How the life of a better-half turns bitter is clearly brought out when the husbands are narcissistic. To bring around the narcissistic person, the remedies are not simpler, time consuming and enormous patience is to be exercised especially with kids or children around. Elsewhere in this forum, I had given my FB for a similar thread.
Is This Common in Indian Families? I often wonder if the emotional imbalance I see in my relationships — where women carry the weight of patience, silence, and endurance — comes from the way many of us were raised. In traditional Indian homes, men are often taught to lead, decide, and be obeyed. Women, on the other hand, are taught to adjust, serve, and maintain peace. Over generations, this pattern becomes so normal that even when something feels unfair, we hesitate to question it. Fathers are often distant but authoritative. Mothers quietly sacrifice, showing love through service rather than emotional connection. Daughters grow up learning to find validation through approval, not through self-worth. So when these daughters marry, they sometimes end up with men who mirror that same pattern — controlling, emotionally unavailable, and resistant to change. It’s not that all Indian men are the same — many are kind, gentle, and respectful. But the system we grew up in has encouraged emotional inequality. Change begins when we start to notice it, talk about it, and refuse to accept silence as peace. Have you felt this pattern in your family too? Do you think it’s changing in today’s generation?

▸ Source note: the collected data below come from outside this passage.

(* Let $(X,\widetilde{\tau},\mathfrak{a}_E,E)$ be a soft aura topological space and $(G,E)\in\mathrm{SS}(X,E)$. Then: if $(G,E)$ is soft $\mathfrak{a}$-open it is soft $\mathfrak{a}$-$\alpha$-open; if it is soft $\mathfrak{a}$-$\alpha$-open it is both soft $\mathfrak{a}$-semi-open and soft $\mathfrak{a}$-pre-open; if it is soft $\mathfrak{a}$-semi-open or soft $\mathfrak{a}$-pre-open it is soft $\mathfrak{a}$-$b$-open; and if it is soft $\mathfrak{a}$-$b$-open it is soft $\mathfrak{a}$-$\beta$-open.
   Context: Let $X$ be a nonempty set and $E$ a nonempty parameter set. A soft set over $X$ is a map $F:E\to\mathcal{P}(X)$, written $(F,E)$; $\mathrm{SS}(X,E)$ denotes all soft sets; $\sqsubseteq$, $\sqcup$ are parameterwise inclusion and union. A soft topology $\widetilde{\tau}$ is a subfamily of $\mathrm{SS}(X,E)$ containing the soft sets with all values $\emptyset$ and all values $X$, closed under arbitrary soft unions and finite soft intersections. A soft scope function is a map $\mathfrak{a}_E:X\to\widetilde{\tau}$ with $x\in\mathfrak{a}_E(x)(e)$ for all $x\in X$, $e\in E$; $(X,\widetilde{\tau},\mathfrak{a}_E,E)$ is a soft aura topological space. $\mathrm{cl}_{\mathfrak{a}}(G,E)(e)=\{x:\mathfrak{a}_E(x)(e)\cap G(e)\neq\emptyset\}$, $\mathrm{int}_{\mathfrak{a}}(G,E)(e)=\{x:\mathfrak{a}_E(x)(e)\subseteq G(e)\}$. $(G,E)$ is: soft $\mathfrak{a}$-open if $\mathrm{int}_{\mathfrak{a}}(G,E)=(G,E)$; soft $\mathfrak{a}$-semi-open if $(G,E)\sqsubseteq\mathrm{cl}_{\mathfrak{a}}(\mathrm{int}_{\mathfrak{a}}(G,E))$; soft $\mathfrak{a}$-pre-open if $(G,E)\sqsubseteq\mathrm{int}_{\mathfrak{a}}(\mathrm{cl}_{\mathfrak{a}}(G,E))$; soft $\mathfrak{a}$-$\alpha$-open if $(G,E)\sqsubseteq\mathrm{int}_{\mathfrak{a}}(\mathrm{cl}_{\mathfrak{a}}(\mathrm{int}_{\mathfrak{a}}(G,E)))$; soft $\mathfrak{a}$-$\beta$-open if $(G,E)\sqsubseteq\mathrm{cl}_{\mathfrak{a}}(\mathrm{int}_{\mathfrak{a}}(\mathrm{cl}_{\mathfrak{a}}(G,E)))$; soft $\mathfrak{a}$-$b$-open if $(G,E)\sqsubseteq\mathrm{cl}_{\mathfrak{a}}(\mathrm{int}_{\mathfrak{a}}(G,E))\sqcup\mathrm{int}_{\mathfrak{a}}(\mathrm{cl}_{\mathfrak{a}}(G,E))$. *)

theory Defs
  imports Main
begin

text \<open>A soft set over X with parameter set E is represented as a map
 F :: 'e => 'x set; only its values on E matter.  We require values in X on E
 and (for uniqueness of representation) empty values outside E.\<close>

definition soft_sets :: "'x set \<Rightarrow> 'e set \<Rightarrow> ('e \<Rightarrow> 'x set) set" where
  "soft_sets X E = {F. (\<forall>e\<in>E. F e \<subseteq> X) \<and> (\<forall>e. e \<notin> E \<longrightarrow> F e = {})}"

definition soft_subset :: "'e set \<Rightarrow> ('e \<Rightarrow> 'x set) \<Rightarrow> ('e \<Rightarrow> 'x set) \<Rightarrow> bool" where
  "soft_subset E F G \<longleftrightarrow> (\<forall>e\<in>E. F e \<subseteq> G e)"

definition soft_union :: "'e set \<Rightarrow> ('e \<Rightarrow> 'x set) \<Rightarrow> ('e \<Rightarrow> 'x set) \<Rightarrow> ('e \<Rightarrow> 'x set)" where
  "soft_union E F G = (\<lambda>e. if e \<in> E then F e \<union> G e else {})"

definition soft_inter :: "'e set \<Rightarrow> ('e \<Rightarrow> 'x set) \<Rightarrow> ('e \<Rightarrow> 'x set) \<Rightarrow> ('e \<Rightarrow> 'x set)" where
  "soft_inter E F G = (\<lambda>e. if e \<in> E then F e \<inter> G e else {})"

definition soft_Union :: "'e set \<Rightarrow> ('e \<Rightarrow> 'x set) set \<Rightarrow> ('e \<Rightarrow> 'x set)" where
  "soft_Union E \<F> = (\<lambda>e. if e \<in> E then (\<Union>F\<in>\<F>. F e) else {})"

definition soft_null :: "'e set \<Rightarrow> ('e \<Rightarrow> 'x set)" where
  "soft_null E = (\<lambda>e. {})"

definition soft_absolute :: "'x set \<Rightarrow> 'e set \<Rightarrow> ('e \<Rightarrow> 'x set)" where
  "soft_absolute X E = (\<lambda>e. if e \<in> E then X else {})"

definition soft_topology :: "'x set \<Rightarrow> 'e set \<Rightarrow> ('e \<Rightarrow> 'x set) set \<Rightarrow> bool" where
  "soft_topology X E T \<longleftrightarrow>
     T \<subseteq> soft_sets X E \<and>
     soft_null E \<in> T \<and> soft_absolute X E \<in> T \<and>
     (\<forall>\<F>. \<F> \<subseteq> T \<longrightarrow> soft_Union E \<F> \<in> T) \<and>
     (\<forall>F\<in>T. \<forall>G\<in>T. soft_inter E F G \<in> T)"

definition soft_scope_function ::
  "'x set \<Rightarrow> 'e set \<Rightarrow> ('e \<Rightarrow> 'x set) set \<Rightarrow> ('x \<Rightarrow> 'e \<Rightarrow> 'x set) \<Rightarrow> bool" where
  "soft_scope_function X E T a \<longleftrightarrow> (\<forall>x\<in>X. a x \<in> T \<and> (\<forall>e\<in>E. x \<in> a x e))"

definition soft_aura_space ::
  "'x set \<Rightarrow> 'e set \<Rightarrow> ('e \<Rightarrow> 'x set) set \<Rightarrow> ('x \<Rightarrow> 'e \<Rightarrow> 'x set) \<Rightarrow> bool" where
  "soft_aura_space X E T a \<longleftrightarrow> X \<noteq> {} \<and> E \<noteq> {} \<and> soft_topology X E T \<and> soft_scope_function X E T a"

definition cl_a :: "'x set \<Rightarrow> 'e set \<Rightarrow> ('x \<Rightarrow> 'e \<Rightarrow> 'x set) \<Rightarrow> ('e \<Rightarrow> 'x set) \<Rightarrow> ('e \<Rightarrow> 'x set)" where
  "cl_a X E a G = (\<lambda>e. if e \<in> E then {x\<in>X. a x e \<inter> G e \<noteq> {}} else {})"

definition int_a :: "'x set \<Rightarrow> 'e set \<Rightarrow> ('x \<Rightarrow> 'e \<Rightarrow> 'x set) \<Rightarrow> ('e \<Rightarrow> 'x set) \<Rightarrow> ('e \<Rightarrow> 'x set)" where
  "int_a X E a G = (\<lambda>e. if e \<in> E then {x\<in>X. a x e \<subseteq> G e} else {})"

definition soft_a_open where
  "soft_a_open X E a G \<longleftrightarrow> int_a X E a G = G"

definition soft_a_semi_open where
  "soft_a_semi_open X E a G \<longleftrightarrow> soft_subset E G (cl_a X E a (int_a X E a G))"

definition soft_a_pre_open where
  "soft_a_pre_open X E a G \<longleftrightarrow> soft_subset E G (int_a X E a (cl_a X E a G))"

definition soft_a_alpha_open where
  "soft_a_alpha_open X E a G \<longleftrightarrow> soft_subset E G (int_a X E a (cl_a X E a (int_a X E a G)))"

definition soft_a_beta_open where
  "soft_a_beta_open X E a G \<longleftrightarrow> soft_subset E G (cl_a X E a (int_a X E a (cl_a X E a G)))"

definition soft_a_b_open where
  "soft_a_b_open X E a G \<longleftrightarrow>
     soft_subset E G (soft_union E (cl_a X E a (int_a X E a G)) (int_a X E a (cl_a X E a G)))"

end

theory Submission
  imports Defs
begin

text \<open>Only two properties of the aura operators are needed: both are monotone, and, because every
  point lies in its own scope, \<open>int_a G \<sqsubseteq> G \<sqsubseteq> cl_a G\<close>.\<close>

lemma soft_subset_trans: "soft_subset E F G \<Longrightarrow> soft_subset E G H \<Longrightarrow> soft_subset E F H"
  unfolding soft_subset_def by blast

lemma soft_subset_union1: "soft_subset E F (soft_union E F G)"
  and soft_subset_union2: "soft_subset E G (soft_union E F G)"
  unfolding soft_subset_def soft_union_def by auto

lemma soft_union_least:
  "soft_subset E F H \<Longrightarrow> soft_subset E G H \<Longrightarrow> soft_subset E (soft_union E F G) H"
  unfolding soft_subset_def soft_union_def by auto

lemma int_a_mono: "soft_subset E G H \<Longrightarrow> soft_subset E (int_a X E a G) (int_a X E a H)"
  unfolding soft_subset_def int_a_def by auto

lemma cl_a_mono: "soft_subset E G H \<Longrightarrow> soft_subset E (cl_a X E a G) (cl_a X E a H)"
  unfolding soft_subset_def cl_a_def by auto

lemma int_a_in_soft_sets: "int_a X E a G \<in> soft_sets X E"
  unfolding soft_sets_def int_a_def by auto

lemma soft_aura_space_mem_scope:
  "soft_aura_space X E T a \<Longrightarrow> x \<in> X \<Longrightarrow> e \<in> E \<Longrightarrow> x \<in> a x e"
  unfolding soft_aura_space_def soft_scope_function_def by blast

context
  fixes X :: "'x set" and E :: "'e set" and a :: "'x \<Rightarrow> 'e \<Rightarrow> 'x set"
  assumes mem_scope: "\<And>x e. x \<in> X \<Longrightarrow> e \<in> E \<Longrightarrow> x \<in> a x e"
begin

lemma int_a_subset: "soft_subset E (int_a X E a G) G"
  using mem_scope unfolding soft_subset_def int_a_def by auto

lemma cl_a_superset: "G \<in> soft_sets X E \<Longrightarrow> soft_subset E G (cl_a X E a G)"
  unfolding soft_subset_def soft_sets_def cl_a_def by (fastforce dest: mem_scope)

lemma soft_a_open_imp_alpha_open:
  assumes "soft_a_open X E a G"
  shows "soft_a_alpha_open X E a G"
proof -
  have "soft_subset E (int_a X E a (int_a X E a G)) (int_a X E a (cl_a X E a (int_a X E a G)))"
    by (intro int_a_mono cl_a_superset int_a_in_soft_sets)
  with assms show ?thesis
    unfolding soft_a_open_def soft_a_alpha_open_def by simp
qed

lemma soft_a_alpha_open_imp_semi_open:
  assumes "soft_a_alpha_open X E a G"
  shows "soft_a_semi_open X E a G"
  using assms int_a_subset unfolding soft_a_alpha_open_def soft_a_semi_open_def
  by (rule soft_subset_trans)

lemma soft_a_alpha_open_imp_pre_open:
  assumes "soft_a_alpha_open X E a G"
  shows "soft_a_pre_open X E a G"
  using assms int_a_mono[OF cl_a_mono[OF int_a_subset]]
  unfolding soft_a_alpha_open_def soft_a_pre_open_def by (rule soft_subset_trans)

lemma soft_a_b_open_imp_beta_open:
  assumes "G \<in> soft_sets X E" and "soft_a_b_open X E a G"
  shows "soft_a_beta_open X E a G"
proof -
  have "soft_subset E (cl_a X E a (int_a X E a G)) (cl_a X E a (int_a X E a (cl_a X E a G)))"
    by (intro cl_a_mono int_a_mono cl_a_superset assms(1))
  moreover have "soft_subset E (int_a X E a (cl_a X E a G)) (cl_a X E a (int_a X E a (cl_a X E a G)))"
    by (intro cl_a_superset int_a_in_soft_sets)
  ultimately have "soft_subset E (soft_union E (cl_a X E a (int_a X E a G)) (int_a X E a (cl_a X E a G)))
      (cl_a X E a (int_a X E a (cl_a X E a G)))"
    by (rule soft_union_least)
  with assms(2) show ?thesis
    unfolding soft_a_b_open_def soft_a_beta_open_def by (rule soft_subset_trans)
qed

end

lemma soft_a_semi_open_imp_b_open:
  assumes "soft_a_semi_open X E a G"
  shows "soft_a_b_open X E a G"
  using assms soft_subset_union1 unfolding soft_a_semi_open_def soft_a_b_open_def
  by (rule soft_subset_trans)

lemma soft_a_pre_open_imp_b_open:
  assumes "soft_a_pre_open X E a G"
  shows "soft_a_b_open X E a G"
  using assms soft_subset_union2 unfolding soft_a_pre_open_def soft_a_b_open_def
  by (rule soft_subset_trans)

theorem theorem4p2:
  fixes X :: "'x set" and E :: "'e set" and T :: "('e \<Rightarrow> 'x set) set"
    and a :: "'x \<Rightarrow> 'e \<Rightarrow> 'x set" and G :: "'e \<Rightarrow> 'x set"
  assumes "soft_aura_space X E T a" and "G \<in> soft_sets X E"
  shows "(soft_a_open X E a G \<longrightarrow> soft_a_alpha_open X E a G)
    \<and> (soft_a_alpha_open X E a G \<longrightarrow> soft_a_semi_open X E a G \<and> soft_a_pre_open X E a G)
    \<and> (soft_a_semi_open X E a G \<or> soft_a_pre_open X E a G \<longrightarrow> soft_a_b_open X E a G)
    \<and> (soft_a_b_open X E a G \<longrightarrow> soft_a_beta_open X E a G)"
proof -
  note mem_scope = soft_aura_space_mem_scope[OF assms(1)]
  show ?thesis
  proof (intro conjI impI)
    show "soft_a_alpha_open X E a G" if "soft_a_open X E a G"
      using mem_scope that by (rule soft_a_open_imp_alpha_open)
    show "soft_a_semi_open X E a G" if "soft_a_alpha_open X E a G"
      using mem_scope that by (rule soft_a_alpha_open_imp_semi_open)
    show "soft_a_pre_open X E a G" if "soft_a_alpha_open X E a G"
      using mem_scope that by (rule soft_a_alpha_open_imp_pre_open)
    show "soft_a_b_open X E a G" if "soft_a_semi_open X E a G \<or> soft_a_pre_open X E a G"
      using that soft_a_semi_open_imp_b_open soft_a_pre_open_imp_b_open by blast
    show "soft_a_beta_open X E a G" if "soft_a_b_open X E a G"
      using mem_scope assms(2) that by (rule soft_a_b_open_imp_beta_open)
  qed
qed

end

Yes. The way many are raised is a major reason. Also the cultural thing Women after marriage go into the husband's family and accept them. It's changing nowadays. Many men are changing nowadays. Still the cultural upbringing has its impact. So many women in India have struggled in joint family with a loveless husband and Abusive inlaws. So sad
Yes, I’ve seen and felt this too. The weight of cultural expectations can be heavy, especially for women in traditional families. But conversations like these give me hope that future generations will live more balanced and emotionally healthy lives.